I headed back in the early afternoon for a midday rest and then lunch. The only way I can maintain waking up at dawn and spotlighting until late is with a rest in the day. Of course this meant shoes and socks off to cross the rapids again which feels all explorerey.



I also got my transport to Crocodile Lake sorted for tomorrow and I'll be going to the lake tomorrow morning and coming back the evening of the next day, spending one night there (I don't believe I'll have any connection there, so no blog tomorrow). Transport up to the trailhead for the lake costs 250k each way so half a million for drop of and pick up the next day, which feels extremely expensive for Vietnam although in real terms, it £17, and well worth it if that's the price.



After a late lunch/also dinner I headed out towards the grassland area. I had been down this path yesterday, but only got into the bamboo forest and not to the grasslands proper because they're a fair way away if you're on foot. I only got to the grasslands with about 20, minutes before sunset and I'll have to be back in the day one of these other days since it's supposed to be a very good spot for green peafowl - I've still not seen any Gamebirds or Pittas, but I've got the two Crocodile lake days and 2D3N afterwards back at the HQ still. I did hear an unmistakable Green Peafowl call several times just at dusk though, which was cool. So, the grasslands are a large area of tall grass with forest behind and as well as having good birds in the day are also supposed to be good for spotlighting with the possibility of gaur.
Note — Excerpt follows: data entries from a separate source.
lemma exists_nn_integral_Tkernel_eq_infinity:
  fixes M :: "real measure"
  assumes sets_M: "sets M = sets borel" and finite: "\<And>a b. emeasure M {a..b} < \<infinity>"
    and "a \<le> b" and positive: "0 < emeasure M {a..b}"
  shows "\<exists>y\<in>{a..b}. (\<forall>r>0. 0 < emeasure M (ball y r)) \<and> (\<integral>\<^sup>+t. Tkernel y t \<partial>M) = \<infinity>"
proof (rule ccontr)
  assume "\<not> ?thesis"
  then have null_or_finite:
    "(\<exists>r>0. emeasure M (ball x r) = 0) \<or> (\<integral>\<^sup>+t. Tkernel x t \<partial>M) < \<infinity>"
    if "a \<le> x" "x \<le> b" for x
    using that by (auto simp: less_top)
  define m where "m = measure M {a..b}"
  have "0 < m"
    using positive finite[of a b] by (simp add: m_def emeasure_eq_ennreal_measure)
  then have "0 < m / (b - a + 1)"
    using \<open>a \<le> b\<close> by simp
  then have "m \<le> m / (b - a + 1) * (b - a)"
    unfolding m_def by (rule measure_interval_le_linear[OF sets_M finite \<open>a \<le> b\<close> _ null_or_finite])
  also have "\<dots> < m"
    using \<open>0 < m\<close> \<open>a \<le> b\<close> by (simp add: field_simps)
  finally show False
    by simp
qed

context
  fixes \<Omega> :: "real set \<Rightarrow> complex^'n^'n"
  assumes \<Omega>: "matrix_measure \<Omega>"
begin

lemma matrix_measure_psd: "X \<in> sets borel \<Longrightarrow> bounded X \<Longrightarrow> psd_cmat (\<Omega> X)"
  using \<Omega> by (simp add: matrix_measure_def)

lemma matrix_measure_sums:
  "range A \<subseteq> sets borel \<Longrightarrow> disjoint_family A \<Longrightarrow> bounded (\<Union>i. A i) \<Longrightarrow>
    (\<lambda>i. \<Omega> (A i)) sums \<Omega> (\<Union>i. A i)"
  using \<Omega> by (simp add: matrix_measure_def sums_def)

lemma matrix_measure_Un:
  assumes "A \<in> sets borel" "B \<in> sets borel" "bounded (A \<union> B)" "A \<inter> B = {}"
  shows "\<Omega> (A \<union> B) = \<Omega> A + \<Omega> B"
proof -
  have "disjoint_family (binaryset A B)"
    using assms(4) by (auto simp: disjoint_family_on_def binaryset_def)
  then have "(\<lambda>i. \<Omega> (binaryset A B i)) sums \<Omega> (A \<union> B)"
    using matrix_measure_sums[of "binaryset A B"] assms
    by (simp add: range_binaryset_eq UN_binaryset_eq)
  moreover have "(\<lambda>i. \<Omega> (binaryset A B i)) sums (\<Omega> A + \<Omega> B)"
    using \<Omega> by (simp add: matrix_measure_def binaryset_sums)
  ultimately show ?thesis
    by (rule sums_unique2)
qed

lemma qform_matrix_measure_nonneg: "X \<in> sets borel \<Longrightarrow> bounded X \<Longrightarrow> 0 \<le> qform (\<Omega> X) c"
  by (intro psd_qform_nonneg matrix_measure_psd)

lemma qform_matrix_measure_mono:
  assumes "A \<subseteq> B" "A \<in> sets borel" "B \<in> sets borel" "bounded B"
  shows "qform (\<Omega> A) c \<le> qform (\<Omega> B) c"
proof -
  have "\<Omega> B = \<Omega> A + \<Omega> (B - A)"
    using matrix_measure_Un[of A "B - A"] assms by (simp add: Un_absorb1)
  moreover have "0 \<le> qform (\<Omega> (B - A)) c"
    using assms by (intro qform_matrix_measure_nonneg) (auto intro: bounded_subset)
  ultimately show ?thesis
    by (simp add: qform_add_matrix)
qed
They run night drives too into the grasslands, but I don't think they're particularly good and are also very expensive unless there are more people to split the cost.



The birding going up to the grasslands was very good with highlights like Asian Woollyneck Stork, Racket-tailed Treepie, Pale-headed Woodpecker, etc. This is despite the fact that it was raining pretty much constantly, although mostly not heavy. I walked along the grasslands in what was left of the day and of course spotlighted zoo as well as all the way back which was a good couple of hours.



Spotlighting the grasslands was quite productive with sambar, several gaur (quite far though - mostly big black shapes with eyeshine), as well as what is technically called a cute widdle bunny wabbit lying low in the long grass (Burmese Hare). I'm quite pleased the gaur was not too close to be honest, because unlike the night drives in a big truck, I was on foot. I don't think gaur would attack me on a path with them in the grasslands and their forest escape being away from me, but I think it's important to have a healthy fear of big and potentially dangerous mammals. There are elephants in the park too, but not anywhere near the parts where I'll be. I do worry about elephants at night. That and domestic dogs. I will admit that the gaur put me a bit on edge until I left the grasslands. I knew logically that they wouldn't come up to the path, I'd hear them moving if they did, and their path to retreat would be away from me and into the forest. But they're very big, powerful animals, and if one decided it didn't like me, there's nothing whatsoever I could do. Unarmed humans on foot don't win flights against gaur. There was no actual risk though.



Apart from some muntjacs, the rest of the walk back was uneventful. Lots of bats and frogs and fireflies though. I went briefly to spotlight the rainforest bit too to try for loris, although I only went as far as the rapids. I will cross them at least one night, but when I do that will be the sole focus of that night. So no pygmy loris yet, but I'm only slightly behind my average number of nights required to find a slow loris. At Bukit Fraser it was my third night, it was my second night each at Taman Negara and Sepilok, and my first night at Danum.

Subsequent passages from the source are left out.